Armstrong defends protocell technology and the work of her fellow synthetic biologists from the concerns that were raised in the 1960s by developments in nanotechnology – the manipulation of subatomic matter – that unpredictable new materials were being created. Nanotechnology also raised fears about releasing toxins into the environment. Armstrong recognises the potentially devastating effects of protocell technology falling into the wrong hands but "You can't prevent people from being Machiavellian," she says. "I wouldn't be as blasé as to say there is no concern. I know that we need to design with our eyes open."
The sense of fantasy implicit in Armstrong's protocell research deters people from regarding it as a real-world solution. For architects and designers of infrastructure, it's hard to embrace a built proposition that doesn't involve concrete or steel but that's exactly what Armstrong is asking us to do. "When we talk about systems in architecture, we tend to revert to machine iconography," she says. "With the protocell system, we don't need to. It doesn't have parts; it's not an object." It may act more improbably and organically than any architecture we know, but it represents a chance to replace the outdated practice of designing buildings as environmental barriers with a more constructive and harmonious approach.

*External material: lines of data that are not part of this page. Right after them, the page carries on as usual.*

lemma inner_capacity_mono: "A \<subseteq> B \<Longrightarrow> inner_capacity \<alpha> A \<le> inner_capacity \<alpha> B"
  unfolding inner_capacity_eq_inverse_min_energy riesz_min_energy_def
  by (intro ennreal_inverse_antimono INF_superset_mono)
    (auto simp: finite_energy_measures_def concentrated_on_def)

lemma riesz_min_energy_union_le:
  fixes A B :: "'a::euclidean_space set"
  assumes "\<alpha> \<le> real DIM('a)" "setdist A B > 0"
    and "riesz_min_energy \<alpha> A = ennreal a" "riesz_min_energy \<alpha> B = ennreal b" "0 \<le> a" "0 \<le> b"
    and "0 \<le> s" "0 \<le> t" "s + t = 1"
  shows "riesz_min_energy \<alpha> (A \<union> B)
    \<le> ennreal (s * s * a + t * t * b + 2 * s * t * setdist A B powr (\<alpha> - real DIM('a)))"
    (is "_ \<le> ennreal ?X")
proof (rule ennreal_le_epsilon)
  fix e :: real assume "0 < e"
  have "riesz_min_energy \<alpha> A < ennreal (a + e)" "riesz_min_energy \<alpha> B < ennreal (b + e)"
    using assms(3-6) \<open>0 < e\<close> by (auto intro!: ennreal_lessI)
  then obtain \<mu> \<nu> where \<mu>: "\<mu> \<in> finite_energy_measures \<alpha> A" "emeasure \<mu> UNIV = 1"
      "riesz_energy \<alpha> \<mu> \<le> ennreal (a + e)"
    and \<nu>: "\<nu> \<in> finite_energy_measures \<alpha> B" "emeasure \<nu> UNIV = 1"
      "riesz_energy \<alpha> \<nu> \<le> ennreal (b + e)"
    unfolding riesz_min_energy_def INF_less_iff by (auto dest: less_imp_le)
  define D where "D = setdist A B powr (\<alpha> - real DIM('a))"
  have D_nonneg: "0 \<le> D"
    by (simp add: D_def)
  define \<rho> where "\<rho> = add_measure (scale_measure (ennreal s) \<mu>) (scale_measure (ennreal t) \<nu>)"
  have "riesz_min_energy \<alpha> (A \<union> B) \<le> riesz_energy \<alpha> \<rho>"
    using mixture_in_finite_energy_measures[OF assms(1,2) \<mu>(1,2) \<nu>(1,2), of "ennreal s" "ennreal t"] assms(7-9)
    unfolding riesz_min_energy_def \<rho>_def by (intro INF_lower) (simp add: ennreal_plus[symmetric] del: ennreal_plus)
  also have "\<dots> \<le> ennreal s * ennreal s * ennreal (a + e) + ennreal t * ennreal t * ennreal (b + e)
      + 2 * ennreal s * ennreal t * ennreal D"
    unfolding \<rho>_def D_def
    by (rule order_trans[OF riesz_energy_mixture_le_setdist[OF assms(1,2) \<mu>(1,2) \<nu>(1,2)]])
      (intro add_mono mult_left_mono \<mu>(3) \<nu>(3) order_refl; simp)
  also have "\<dots> = ennreal (s * s * (a + e) + t * t * (b + e) + 2 * s * t * D)"
    using assms(5-8) \<open>0 < e\<close> D_nonneg
    by (simp add: ennreal_mult[symmetric] ennreal_plus[symmetric] ennreal_numeral[symmetric]
        del: ennreal_plus ennreal_numeral)
  also have "\<dots> \<le> ennreal (?X + e)"
  proof (rule ennreal_leI)
    have "(s * s + t * t) * e \<le> ((s + t) * (s + t)) * e"
      using assms(7,8) \<open>0 < e\<close> by (intro mult_right_mono) (simp_all add: algebra_simps)
    then show "s * s * (a + e) + t * t * (b + e) + 2 * s * t * D \<le> ?X + e"
      using assms(9) by (simp add: algebra_simps D_def)
  qed
  also have "\<dots> = ennreal ?X + ennreal e"
    using assms(5-8) \<open>0 < e\<close> D_nonneg by (simp add: D_def)
  finally show "riesz_min_energy \<alpha> (A \<union> B) \<le> ennreal ?X + ennreal e" .
qed

lemma mixture_energy_bound_real:
  fixes r\<^sub>1 r\<^sub>2 D :: real
  assumes "0 < r\<^sub>1" "0 < r\<^sub>2" "0 \<le> D"
  defines "s\<^sub>1 \<equiv> r\<^sub>1 / (r\<^sub>1 + r\<^sub>2)" and "s\<^sub>2 \<equiv> r\<^sub>2 / (r\<^sub>1 + r\<^sub>2)"
  shows "s\<^sub>1 * s\<^sub>1 * (1 / r\<^sub>1) + s\<^sub>2 * s\<^sub>2 * (1 / r\<^sub>2) + 2 * s\<^sub>1 * s\<^sub>2 * D
    \<le> (1 + max r\<^sub>1 r\<^sub>2 * D) / (r\<^sub>1 + r\<^sub>2)"
proof -
  have q: "0 < r\<^sub>1 + r\<^sub>2"
    using assms(1,2) by simp
  have "2 * r\<^sub>1 * r\<^sub>2 \<le> max r\<^sub>1 r\<^sub>2 * (r\<^sub>1 + r\<^sub>2)"
    using assms(1,2) by (cases "r\<^sub>1 \<le> r\<^sub>2") (auto simp: max_def algebra_simps intro: mult_right_mono mult_left_mono)
  then have "2 * r\<^sub>1 * r\<^sub>2 * D \<le> max r\<^sub>1 r\<^sub>2 * (r\<^sub>1 + r\<^sub>2) * D"
    using assms(3) by (rule mult_right_mono)
  then have "2 * r\<^sub>1 * r\<^sub>2 * D / (r\<^sub>1 + r\<^sub>2) \<le> max r\<^sub>1 r\<^sub>2 * D"
    using q by (simp add: divide_le_eq mult_ac)
  moreover have "s\<^sub>1 * s\<^sub>1 * (1 / r\<^sub>1) + s\<^sub>2 * s\<^sub>2 * (1 / r\<^sub>2) + 2 * s\<^sub>1 * s\<^sub>2 * D
      = (1 + 2 * r\<^sub>1 * r\<^sub>2 * D / (r\<^sub>1 + r\<^sub>2)) / (r\<^sub>1 + r\<^sub>2)"
    using assms(1,2) q unfolding s\<^sub>1_def s\<^sub>2_def by (simp add: field_simps add_divide_distrib[symmetric])
  ultimately show ?thesis
    using q by (simp add: divide_right_mono)
qed

lemma inner_capacity_union_ge:
  fixes A B :: "'a::euclidean_space set"
  assumes "\<alpha> \<le> real DIM('a)" "setdist A B > 0"
    and "inner_capacity \<alpha> A = ennreal r\<^sub>1" "inner_capacity \<alpha> B = ennreal r\<^sub>2" "0 < r\<^sub>1" "0 < r\<^sub>2"
  shows "ennreal (r\<^sub>1 + r\<^sub>2)
    \<le> inner_capacity \<alpha> (A \<union> B) * ennreal (1 + max r\<^sub>1 r\<^sub>2 * setdist A B powr (\<alpha> - real DIM('a)))"
proof -
  define D where "D = setdist A B powr (\<alpha> - real DIM('a))"
  define K where "K = 1 + max r\<^sub>1 r\<^sub>2 * D"
  have K_pos: "0 < K"
    using assms(5,6) by (simp add: K_def D_def add_pos_nonneg)
  have min_energy: "riesz_min_energy \<alpha> A = ennreal (1 / r\<^sub>1)" "riesz_min_energy \<alpha> B = ennreal (1 / r\<^sub>2)"
    using assms(3-6) by (simp_all add: riesz_min_energy_eq_inverse_capacity inverse_ennreal divide_inverse)
  have "riesz_min_energy \<alpha> (A \<union> B) \<le> ennreal
      (r\<^sub>1 / (r\<^sub>1 + r\<^sub>2) * (r\<^sub>1 / (r\<^sub>1 + r\<^sub>2)) * (1 / r\<^sub>1) + r\<^sub>2 / (r\<^sub>1 + r\<^sub>2) * (r\<^sub>2 / (r\<^sub>1 + r\<^sub>2)) * (1 / r\<^sub>2)
        + 2 * (r\<^sub>1 / (r\<^sub>1 + r\<^sub>2)) * (r\<^sub>2 / (r\<^sub>1 + r\<^sub>2)) * D)"
    unfolding D_def using assms(5,6)
    by (intro riesz_min_energy_union_le[OF assms(1,2) min_energy])
      (simp_all add: add_divide_distrib[symmetric])
  also have "\<dots> \<le> ennreal (K / (r\<^sub>1 + r\<^sub>2))"
    unfolding K_def using assms(5,6) by (intro ennreal_leI mixture_energy_bound_real) (simp_all add: D_def)
  finally have "inverse (ennreal (K / (r\<^sub>1 + r\<^sub>2))) \<le> inner_capacity \<alpha> (A \<union> B)"
    unfolding inner_capacity_eq_inverse_min_energy by (rule ennreal_inverse_antimono)
  also have "inverse (ennreal (K / (r\<^sub>1 + r\<^sub>2))) = ennreal ((r\<^sub>1 + r\<^sub>2) / K)"
    using K_pos assms(5,6) by (simp add: inverse_ennreal)
  finally have "ennreal ((r\<^sub>1 + r\<^sub>2) / K) * ennreal K \<le> inner_capacity \<alpha> (A \<union> B) * ennreal K"
    by (rule mult_right_mono) simp
  also have "ennreal ((r\<^sub>1 + r\<^sub>2) / K) * ennreal K = ennreal (r\<^sub>1 + r\<^sub>2)"
    using K_pos assms(5,6) by (subst ennreal_mult[symmetric]) auto
  finally show ?thesis
    unfolding K_def D_def .
qed

theorem mainTheorem5:
  fixes A\<^sub>1 A\<^sub>2 :: "'a::euclidean_space set" and \<alpha> :: real
  assumes "DIM('a) \<ge> 3" and "0 < \<alpha>" and "\<alpha> \<le> 2"
    and "setdist A\<^sub>1 A\<^sub>2 > 0"
  shows "inner_capacity \<alpha> A\<^sub>1 + inner_capacity \<alpha> A\<^sub>2
    \<le> inner_capacity \<alpha> (A\<^sub>1 \<union> A\<^sub>2) *
       (1 + max (inner_capacity \<alpha> A\<^sub>1) (inner_capacity \<alpha> A\<^sub>2)
            / ennreal (setdist A\<^sub>1 A\<^sub>2 powr (real DIM('a) - \<alpha>)))"
    (is "?c\<^sub>1 + ?c\<^sub>2 \<le> ?C * ?F")
proof (cases "?c\<^sub>1 \<in> {0, \<infinity>} \<or> ?c\<^sub>2 \<in> {0, \<infinity>}")
  case True
  then show ?thesis
    by (intro ennreal_add_le_mult_if_degenerate inner_capacity_mono) auto
next
  case False
  then obtain r\<^sub>1 r\<^sub>2 where r: "?c\<^sub>1 = ennreal r\<^sub>1" "?c\<^sub>2 = ennreal r\<^sub>2" "0 < r\<^sub>1" "0 < r\<^sub>2"
    by (cases ?c\<^sub>1 rule: ennreal_cases; cases ?c\<^sub>2 rule: ennreal_cases) auto
  have "max ?c\<^sub>1 ?c\<^sub>2 = ennreal (max r\<^sub>1 r\<^sub>2)"
    using r by (cases "r\<^sub>1 \<le> r\<^sub>2") (auto simp: max_def ennreal_leI)
  moreover have "setdist A\<^sub>1 A\<^sub>2 powr (\<alpha> - real DIM('a)) = 1 / setdist A\<^sub>1 A\<^sub>2 powr (real DIM('a) - \<alpha>)"
    by (simp add: powr_minus_divide[symmetric])
  ultimately have F_eq: "?F = ennreal (1 + max r\<^sub>1 r\<^sub>2 * setdist A\<^sub>1 A\<^sub>2 powr (\<alpha> - real DIM('a)))"
    using r assms(4) by (simp add: divide_ennreal)
  have "?c\<^sub>1 + ?c\<^sub>2 = ennreal (r\<^sub>1 + r\<^sub>2)"
    using r by simp
  also have "\<dots> \<le> ?C * ?F"
    unfolding F_eq using assms(1,3) r by (intro inner_capacity_union_ge[OF _ assms(4)]) auto
  finally show ?thesis .
qed

end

In Venice, it's clear who's losing the battle between man and environment. Ditching the machine solution – those mammoth King Canute gates – in favour of Armstrong's tiny protocell saviours, could be the metaphor for a global biological revolution. She urges designers to work alongside scientists in a united endeavour – the same kind of "Renaissance approach to the mixing of disciplines" that helped the Venetians make their city great in the first place. "I know utopias are unfashionable, but it's not just a one-person or one-technology campaign," she says. "It's about bursting out of the paradigms that have so far restricted us. It's a completely different way of looking at the world."